My first words after demoing Hidden Path Entertainment’s Brass Tactics were, “This feels a lot like Age of Empires.”
Then from behind me come the happy words of Hidden Path’s Founder and Chief Creative Officer Mark Terrano, “Good, because I made Age of Empires II.”
Before long, Terrano verbalizes why I’ve made the comparison between this Oculus Touch RTS and a PC title I played in elementary school: “A lot of what was fun about Age of Empires was that weirdly, little kids could play it. It was built to be fun for everybody, and this game is the same.”
Accessibility, Terrano thinks, is vital to bringing the genre to the limited virtual reality community, a goal he’s achieved by scaling back complex features the former Age of Empires II Lead Designer once worked to perfect.
Brass Tactics is a series of conquest matches played against AI or human counterparts on a movable tabletop. With use of the Oculus Touch controllers, the battlefield can be dragged laterally about you, down to your waist, or upwards into your face. Its physicality complements the simple premise. I’m to build units, send them into battle, hold capture points, and destroy the enemy base before my own gets ransacked. All of this unfolds while I’m tossing the field around me, zooming in to watch my tiny archers take out an enemy tank, and hovering over the enemy base, eyeing up their defenses.
But while I’m across the map giving the enemy an up-close stink-eye, I’ve neglected to watch my back left tower. It’s being bombarded by cavalry, and my nearest archers are a mountain away. I quickly spin around, point my controller across the map, sweep together a handful of units, and direct them to a defense point. But I’m too late.
“Fog of attention,” Terrano explains. With this term he’s merged resource micro-management and fog of war, allowing human fault to replace it. “You can’t look at everything at once. You can’t be everywhere at once. That’s the real currency.”
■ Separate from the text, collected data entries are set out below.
lemma Min_eq_of_downward_closed:
  assumes "finite Y" "X \<subseteq> Y" "X \<noteq> {}" "\<And>x y. x \<in> X \<Longrightarrow> y \<in> Y \<Longrightarrow> y \<le> x \<Longrightarrow> y \<in> X"
  shows "Min X = Min Y"
proof -
  have "finite X" using finite_subset[OF assms(2,1)] .
  obtain x where x: "x \<in> X" using assms by auto
  have "Min Y \<in> Y" using assms by (intro Min_in) auto
  moreover have "Min Y \<le> x" using assms x by auto
  ultimately have "Min Y \<in> X" using assms(4)[OF x] by blast
  then show ?thesis
    using Min_le[OF \<open>finite X\<close>] Min_antimono[OF assms(2,3,1)] by (meson antisym)
qed

lemma sets_Collect_pattern_eq:
  assumes "finite I" "\<And>x. x \<in> I \<Longrightarrow> {\<omega>\<in>space N. b x \<omega>} \<in> sets N"
  shows "{\<omega>\<in>space N. {x\<in>I. b x \<omega>} = A} \<in> sets N"
  using assms
proof (induction I arbitrary: A rule: finite_induct)
  case empty
  then show ?case by (cases "A = {}") auto
next
  case (insert y I)
  have "{\<omega>\<in>space N. {x\<in>insert y I. b x \<omega>} = A}
      = {\<omega>\<in>space N. (b y \<omega> \<longleftrightarrow> y \<in> A)} \<inter> {\<omega>\<in>space N. {x\<in>I. b x \<omega>} = A - {y}}"
    using insert(2) by (auto; blast)
  moreover have "{\<omega>\<in>space N. (b y \<omega> \<longleftrightarrow> y \<in> A)} \<in> sets N"
  proof (cases "y \<in> A")
    case True
    then show ?thesis using insert by simp
  next
    case False
    then have "{\<omega>\<in>space N. (b y \<omega> \<longleftrightarrow> y \<in> A)} = space N - {\<omega>\<in>space N. b y \<omega>}" by auto
    then show ?thesis using insert by auto
  qed
  ultimately show ?case using insert by auto
qed

lemma measurable_pattern:
  assumes "finite I" "\<And>x. x \<in> I \<Longrightarrow> {\<omega>\<in>space N. b x \<omega>} \<in> sets N" "\<And>A. h A \<in> space M'"
  shows "(\<lambda>\<omega>. h {x\<in>I. b x \<omega>}) \<in> measurable N M'"
proof (rule measurableI)
  fix B assume "B \<in> sets M'"
  have "(\<lambda>\<omega>. h {x\<in>I. b x \<omega>}) -` B \<inter> space N
      = (\<Union>A\<in>{A\<in>Pow I. h A \<in> B}. {\<omega>\<in>space N. {x\<in>I. b x \<omega>} = A})"
    by auto
  also have "\<dots> \<in> sets N" using assms by (intro sets.finite_UN sets_Collect_pattern_eq) auto
  finally show "(\<lambda>\<omega>. h {x\<in>I. b x \<omega>}) -` B \<inter> space N \<in> sets N" .
qed (use assms in simp)

locale addis_params =
  fixes a ta la W0 :: real and g :: "nat \<Rightarrow> real"
  assumes a_pos: "0 < a" and la_nonneg: "0 \<le> la" and la_less_ta: "la < ta"
    and W0_nonneg: "0 \<le> W0" and W0_le_a: "W0 \<le> a"
    and g_nonneg: "\<And>j. 0 \<le> g j" and g_Suc_le: "\<And>j. g (Suc j) \<le> g j" and g_sums: "g sums 1"
begin
text \<open>Partial fractions in \<open>t\<close>: for distinct nonzero \<open>y\<^sub>j\<close>, the series \<open>t\<^sup>m\<^sup>-\<^sup>1 / \<Prod>(1 - y\<^sub>j t)\<close>
  splits into the simple fractions \<open>1 / (1 - y\<^sub>j t)\<close>.\<close>
lemma shifted_coeff_eq_sum:
  assumes "1 \<le> m" "generic_y m a" "n \<le> N"
  shows "shifted_coeff n m N a
    = (\<Sum>j<m. lagrange_coeff (\<lambda>j. a (Y j)) m j * delta_row n a j * a (Y j) ^ (N - n))"
proof -
  have generic: "inj_on (\<lambda>j. a (Y j)) {..<m}" "0 \<notin> (\<lambda>j. a (Y j)) ` {..<m}"
    using assms(2) by (simp_all add: generic_y_def)
  let ?v = "\<lambda>j. a (Y j)"
  let ?l = "\<lambda>c. 1 - fps_const c * fps_X :: complex fps"
  let ?PX = "\<Prod>i<n. ?l (a (X i))" and ?PY = "\<Prod>l<m. ?l (a (Y l))"
  let ?R = "\<lambda>j. \<Prod>l\<in>{..<m}-{j}. ?l (a (Y l))"
  have R: "?R j * inverse ?PY = inverse (?l (a (Y j)))" if "j < m" for j
  proof -
    have "?R j * inverse (?R j) = 1" by (rule inverse_mult_eq_1') (simp add: fps_nth_prod_linear_0)
    moreover have "?PY = ?l (a (Y j)) * ?R j" using that by (subst prod.remove[of _ j]) auto
    ultimately show ?thesis by (simp add: fps_inverse_mult mult_ac)
  qed
  have "fps_X ^ (m - 1) * super_series n m a = ?PX * (fps_X ^ (m - 1) * inverse ?PY)"
    unfolding super_series_def by (simp add: algebra_simps)
  also have "fps_X ^ (m - 1) * inverse ?PY = (\<Sum>j<m. fps_const (lagrange_coeff ?v m j) * (?R j * inverse ?PY))"
    by (subst fps_X_power_eq_sum_lagrange[OF assms(1) generic]) (simp only: sum_distrib_right mult.assoc)
  also have "\<dots> = (\<Sum>j<m. fps_const (lagrange_coeff ?v m j) * inverse (?l (a (Y j))))"
    by (intro sum.cong refl) (simp add: R)
  finally have "shifted_coeff n m N a
      = (\<Sum>j<m. lagrange_coeff ?v m j * fps_nth (?PX * inverse (?l (a (Y j)))) N)"
    unfolding shifted_coeff_def by (simp add: sum_distrib_left fps_sum_nth mult.left_commute)
  also have "\<dots> = (\<Sum>j<m. lagrange_coeff ?v m j * delta_row n a j * a (Y j) ^ (N - n))"
    by (intro sum.cong refl) (simp add: fps_nth_prod_linear_div_linear[OF assms(3)] delta_row_def)
  finally show ?thesis .
qed

definition power_mat :: "nat \<Rightarrow> (nat \<Rightarrow> nat) \<Rightarrow> point \<Rightarrow> complex mat" where
  "power_mat m \<beta> a = mat m m (\<lambda>(i, j). a (Y j) ^ \<beta> i)"
(* Let $N\ge1$, let $q\in\mathbb{C}$ with $[k]_q\ne0$ for $1\le k\le N$, and let $z_1,\dots,z_N$ lie in the open unit disk. Then $$\sum_{\sigma\in\mathbb{S}_N}\mathrm{sgn}(\sigma)\prod_{1\le i<j\le N}\big(z_{\sigma(i)}-qz_{\sigma(j)}-(1-q)z_{\sigma(i)}z_{\sigma(j)}\big)F^{(N)}_\sigma=\frac{\prod_{1\le i<j\le N}(z_i-z_j)}{\prod_{i=1}^N(1-z_i)}.$$
   Context: $[k]_q=1+q+\cdots+q^{k-1}$, $[k]_q!=[1]_q\cdots[k]_q$. For $w_1,\dots,w_N$ in the open unit disk define $t_i=\dfrac{w_1\cdots w_{N-i}}{1-w_1\cdots w_{N-i}}$ for $1\le i\le N-1$ and $$\Phi_N(w_1,\dots,w_N)=\frac{1}{1-w_1\cdots w_N}\sum_{(m_1,\dots,m_n)}\frac{1}{[m_1]_q!\cdots[m_n]_q!}\,t_{m_1}t_{m_1+m_2}\cdots t_{m_1+\cdots+m_{n-1}},$$ the sum running over all compositions $(m_1,\dots,m_n)$ of $N$ (ordered tuples of positive integers summing to $N$; for $n=1$ the product of $t$'s is $1$). $F^{(N)}_\sigma=\Phi_N(z_{\sigma(1)},\dots,z_{\sigma(N)})$. *)

theory Defs
  imports Complex_Main "HOL-Combinatorics.Permutations"
begin

definition qint :: "complex \<Rightarrow> nat \<Rightarrow> complex" where
  "qint q k = (\<Sum>i<k. q ^ i)"

definition qfact :: "complex \<Rightarrow> nat \<Rightarrow> complex" where
  "qfact q k = (\<Prod>i=1..k. qint q i)"

definition compositions :: "nat \<Rightarrow> nat list set" where
  "compositions N = {ms. (\<forall>m\<in>set ms. 0 < m) \<and> sum_list ms = N}"

definition tvar :: "nat \<Rightarrow> (nat \<Rightarrow> complex) \<Rightarrow> nat \<Rightarrow> complex" where
  "tvar N w i = (\<Prod>j=1..N-i. w j) / (1 - (\<Prod>j=1..N-i. w j))"

definition Phi :: "nat \<Rightarrow> complex \<Rightarrow> (nat \<Rightarrow> complex) \<Rightarrow> complex" where
  "Phi N q w = 1 / (1 - (\<Prod>j=1..N. w j)) *
     (\<Sum>ms\<in>compositions N.
        (1 / (\<Prod>m\<leftarrow>ms. qfact q m)) *
        (\<Prod>k<length ms - 1. tvar N w (sum_list (take (Suc k) ms))))"

definition Fsig :: "nat \<Rightarrow> complex \<Rightarrow> (nat \<Rightarrow> complex) \<Rightarrow> (nat \<Rightarrow> nat) \<Rightarrow> complex" where
  "Fsig N q z \<sigma> = Phi N q (\<lambda>i. z (\<sigma> i))"

end

theory Submission
  imports Defs "HOL-Combinatorics.Multiset_Permutations"
begin

text \<open>
  Put x_i = z_i / (1 - z_i) and r(a, b) = (x_a - q x_b) / (x_a - x_b). Then
  z_i - q z_j - (1 - q) z_i z_j = (x_i - x_j) r(i, j) (1 - z_i) (1 - z_j), and antisymmetrising
  the Vandermonde factor reduces the theorem to the identity

    sum over all orderings L of the variables of  R(L) z_L \<Phi>(z_L)  =  prod_i x_i,

  where R(L) is the product of r over all pairs in the order of L and z_L is the product of the
  variables. Splitting off the first part of a composition gives a recursion for z_L \<Phi>(z_L) over
  the prefixes of L. Summed over orderings, this recursion closes up thanks to the symmetrisation
  identity  sum_L R(L) = [n]_q!  and the subset expansion
  sum_T (prod_{a in T} x_a) (prod_{a in T, b notin T} r(a, b)) = prod_a (1 + x_a), both consequences
  of the partial fraction expansion of prod_b (y - q x_b) / (y - x_b) in y. This proves the theorem
  for distinct nonzero z_i; since both sides are continuous in each variable separately, these
  restrictions can be removed one variable at a time.
\<close>

section \<open>Partial fractions of products of q-ratios\<close>

definition qratio :: "'a::field \<Rightarrow> ('i \<Rightarrow> 'a) \<Rightarrow> 'i \<Rightarrow> 'i \<Rightarrow> 'a" where
  "qratio q x a b = (x a - q * x b) / (x a - x b)"

definition qratio_from :: "'a::field \<Rightarrow> ('i \<Rightarrow> 'a) \<Rightarrow> 'i set \<Rightarrow> 'i \<Rightarrow> 'a" where
  "qratio_from q x S a = (\<Prod>b\<in>S - {a}. qratio q x a b)"

definition qratio_to :: "'a::field \<Rightarrow> ('i \<Rightarrow> 'a) \<Rightarrow> 'i set \<Rightarrow> 'i \<Rightarrow> 'a" where
  "qratio_to q x S b = (\<Prod>a\<in>S - {b}. qratio q x a b)"

lemma qratio_from_insert:
  "finite S \<Longrightarrow> c \<notin> S \<Longrightarrow> a \<in> S \<Longrightarrow> qratio_from q x (insert c S) a = qratio_from q x S a * qratio q x a c"
  unfolding qratio_from_def by (subst insert_Diff_if) (auto simp: mult.commute)

lemma qratio_from_insert_self: "c \<notin> S \<Longrightarrow> qratio_from q x (insert c S) c = (\<Prod>b\<in>S. qratio q x c b)"
  unfolding qratio_from_def by simp

lemma qratio_to_insert:
  "finite S \<Longrightarrow> c \<notin> S \<Longrightarrow> b \<in> S \<Longrightarrow> qratio_to q x (insert c S) b = qratio_to q x S b * qratio q x c b"
  unfolding qratio_to_def by (subst insert_Diff_if) (auto simp: mult.commute)

lemma qratio_to_insert_self: "c \<notin> S \<Longrightarrow> qratio_to q x (insert c S) c = (\<Prod>a\<in>S. qratio q x a c)"
  unfolding qratio_to_def by simp

lemma prod_qratio_partial_fractions_from:
  fixes x :: "'i \<Rightarrow> 'a::field"
  assumes "finite S" "inj_on x S" "y \<notin> x ` S"
  shows "(\<Prod>b\<in>S. (y - q * x b) / (y - x b)) = 1 - (1 - q) * (\<Sum>b\<in>S. qratio_from q x S b * x b / (x b - y))"
  using assms
proof (induction S arbitrary: y rule: finite_induct)
  case empty
  then show ?case by simp
next
  case (insert c S)
  then have injS: "inj_on x S" and xc: "x c \<notin> x ` S" and yS: "y \<notin> x ` S" and yc: "y \<noteq> x c"
    by auto
  define Sy where "Sy = (\<Sum>b\<in>S. qratio_from q x S b * x b / (x b - y))"
  define Sc where "Sc = (\<Sum>b\<in>S. qratio_from q x S b * x b / (x b - x c))"
  have IHy: "(\<Prod>b\<in>S. (y - q * x b) / (y - x b)) = 1 - (1 - q) * Sy"
    using insert.IH[OF injS yS] unfolding Sy_def .
  \<comment> \<open>The hypothesis at the new pole \<open>y = x c\<close> gives the coefficient of \<open>1 / (x c - y)\<close>.\<close>
  have IHc: "qratio_from q x (insert c S) c = 1 - (1 - q) * Sc"
    using insert.IH[OF injS xc] insert.hyps(2) by (simp add: Sc_def qratio_from_insert_self qratio_def)
  define \<alpha> where "\<alpha> = (y - q * x c) / (y - x c)"
  define \<beta> where "\<beta> = (1 - q) * x c / (x c - y)"
  have "qratio_from q x (insert c S) b * x b / (x b - y)
      = \<alpha> * (qratio_from q x S b * x b / (x b - y)) + \<beta> * (qratio_from q x S b * x b / (x b - x c))"
    if b: "b \<in> S" for b
  proof -
    have "x b - x c \<noteq> 0" "x b - y \<noteq> 0" using b xc yS by (metis image_eqI right_minus_eq)+
    then have partial: "qratio q x b c * x b / (x b - y) = \<alpha> * (x b / (x b - y)) + \<beta> * (x b / (x b - x c))"
      using yc by (simp add: qratio_def \<alpha>_def \<beta>_def divide_simps) (simp add: algebra_simps)
    have "qratio_from q x (insert c S) b * x b / (x b - y) = qratio_from q x S b * (qratio q x b c * x b / (x b - y))"
      unfolding qratio_from_insert[OF insert.hyps b] by simp
    also have "\<dots> = qratio_from q x S b * (\<alpha> * (x b / (x b - y)) + \<beta> * (x b / (x b - x c)))"
      by (simp only: partial)
    finally show ?thesis by (simp add: algebra_simps)
  qed
  then have "(\<Sum>b\<in>insert c S. qratio_from q x (insert c S) b * x b / (x b - y))
      = \<alpha> * Sy + \<beta> * Sc + (1 - (1 - q) * Sc) * x c / (x c - y)"
    using insert.hyps IHc by (simp add: Sy_def Sc_def sum.distrib sum_distrib_left)
  moreover have "(\<Prod>b\<in>insert c S. (y - q * x b) / (y - x b)) = \<alpha> * (1 - (1 - q) * Sy)"
    using insert.hyps IHy by (simp add: \<alpha>_def)
  moreover have "\<alpha> * (1 - (1 - q) * Sy) = 1 - (1 - q) * (\<alpha> * Sy + \<beta> * Sc + (1 - (1 - q) * Sc) * x c / (x c - y))"
    using yc by (simp add: \<alpha>_def \<beta>_def divide_simps) (simp add: algebra_simps)
  ultimately show ?case by simp
qed
(* Let $Q\subset\mathrm{EX}(M)$. The map $\iota_Q:M\to Q(M)$, $\iota_Q(x)=q(\alpha(x))$ where $\alpha\in\mathcal{A}(M)$ is any chart with $x\in\mathrm{dom}(\alpha)$ and $\alpha(x)$ is regarded as a point of $N_{(\alpha,\mathrm{ran}(\alpha))}$, is well defined (independent of $\alpha$), injective, continuous, and a homeomorphism onto its image; moreover $\iota_Q(M)$ is an open dense subset of $Q(M)$.
   Context: Conventions: $M$ is an $n$-dimensional smooth manifold (Hausdorff, second countable) with maximal $C^\infty$ atlas $\mathcal{A}(M)$; every chart $\alpha$ has open domain $\mathrm{dom}(\alpha)\subset M$ and open range $\mathrm{ran}(\alpha)\subset\mathbb{R}^n$. For $A\subset\mathbb{R}^n$, $\partial A$ is its boundary in $\mathbb{R}^n$; for $A\subset U\subset\mathbb{R}^n$, $\partial_U A$ is the boundary of $A$ relative to $U$. An admissible boundary point of $\alpha$ is a $p\in\partial\,\mathrm{ran}(\alpha)$ such that every sequence $(x_i)\subset\mathrm{dom}(\alpha)$ with $\alpha(x_i)\to p$ has no accumulation point in $M$; $B(\alpha)$ is the set of these. An extension is a pair $(\alpha,U)$, $U\subset\mathbb{R}^n$ open, $\mathrm{ran}(\alpha)\subset U$, $\emptyset\ne\partial_U\mathrm{ran}(\alpha)\subset B(\alpha)$; $\mathrm{EX}(M)$ is the set of extensions. A boundary set is $(\alpha,U,V)$ with $(\alpha,U)\in\mathrm{EX}(M)$, $V\subset B(\alpha)\cap U$ (a boundary point if $V=\{p\}$). $(\alpha,U,V)$ covers $(\beta,X,Y)$ if for every sequence $(y_i)\subset\mathrm{dom}(\beta)$ with $(\beta(y_i))$ having an accumulation point in $Y$ there is a subsequence $(v_i)\subset\mathrm{dom}(\alpha)$ of $(y_i)$ with $(\alpha(v_i))$ having an accumulation point in $V$; they are equivalent, $\equiv$, if each covers the other. Completion: for $Q\subset\mathrm{EX}(M)$ let $P=\{(\alpha,\mathrm{ran}(\alpha)):\alpha\in\mathcal{A}(M)\}$, $S_Q=P\cup Q$, $N_{(\alpha,U)}=\mathrm{ran}(\alpha)\cup\partial_U\mathrm{ran}(\alpha)$ with subspace topology of $\mathbb{R}^n$, $N_Q=\bigsqcup_{(\alpha,U)\in S_Q}N_{(\alpha,U)}$ with disjoint-union topology. Identify $x\in N_{(\alpha,U)}$ with $y\in N_{(\beta,X)}$ iff either $x\in\mathrm{ran}(\alpha)$, $y\in\mathrm{ran}(\beta)$, $\beta\circ\alpha^{-1}(x)=y$, or $x\in\partial_U\mathrm{ran}(\alpha)$, $y\in\partial_X\mathrm{ran}(\beta)$, $(\alpha,U,\{x\})\equiv(\beta,X,\{y\})$. $Q(M)$ is the quotient space with the quotient topology and $q:N_Q\to Q(M)$ the quotient map. *)

theory Defs
  imports "HOL-Analysis.Analysis"
begin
The working list of simplified features runs long for Brass Tactics. Instead of menus, you simply need to flip your wrist over to open up a mini table of tower figures. Rather than place buildings anywhere, you’re able to pop structures onto predetermined capture points. They’re built in an instant, once their beams and bolts finish unfolding and interlocking with Game of Thrones-inspired animations.
At one point I send a squadron of freshly minted minions across the battlefield to their inevitable death. As they look back over their shoulders, surely waiting for new, more precise commands, I’m back at base, watching the screws and cogs of my new blacksmith tower whir to life. My fog of attention suddenly snaps again, and I pull myself back to the battle lines only to see a grinning red army where my blue coats once stood.
Even with all the gameplay pruning and adorable artworks, Brass Tactics is unforgiving. Terrano likens the configuration to chess: fewer units and more important decisions. The higher difficulty settings are designed to give even the development team a challenge, requiring players to master map movement, discover complementary squads, learn to kite, and harvest any other skills they manage through the multiple unit types and upgrades.
There’s also a number of ways to play through the challenge, between the multi-map campaign, skirmishes, and three unique types of AI. ‘Aggressive’ is your standard warmind; the defensive AI will stay safe, hoarding up a mass of units on a border before engaging; and the masterful mode works to counter-build you constantly.
I, for one, stuck it to the AI by turning my warriors into electro-knights. They charged across the field and slowed enemies with satisfying zaps. I’m unclear if this was the best investment, but that didn’t stop me from kneeling down for an entertaining, up-close look at my opponent’s archers crackling to death.
I didn’t get to build one personally, but Terrano also promises an end-game unit. If you’re willing to save up, stave off your attackers, and commit the resources, you can build a gigantic tower-killing mega robot affectionately known as the Titan.
The RTS genre has made plenty of platform jumps, but its best form is usually confined to the PC. The mouse-centric controls never really found purchase on consoles, and I wondered aloud to Terrano whether VR could be a better pair for the sprawling, multi-unit gameplay.
“The reason it struggles on console,” he responds, “is it’s trying to keep too many things without reinventing it. VR was an opportunity to do it with almost no text interface. Everything is physical, everything seems touchable.”
Brass Tactics is designed to feel natural, to let you feel the battleground through Touch controls. There was something endearing about being able to physically pull the board and essentially ‘swim’ across the map and its battles; however, in the expanse, I often lost sight of my ever-growing empire. Brass Tactics plays games with attention and physicality more than resources and micromanagement. It reigns in deep trees and menus in favor of more instinctive modes of engagement, making for an alluring and digestible RTS experience.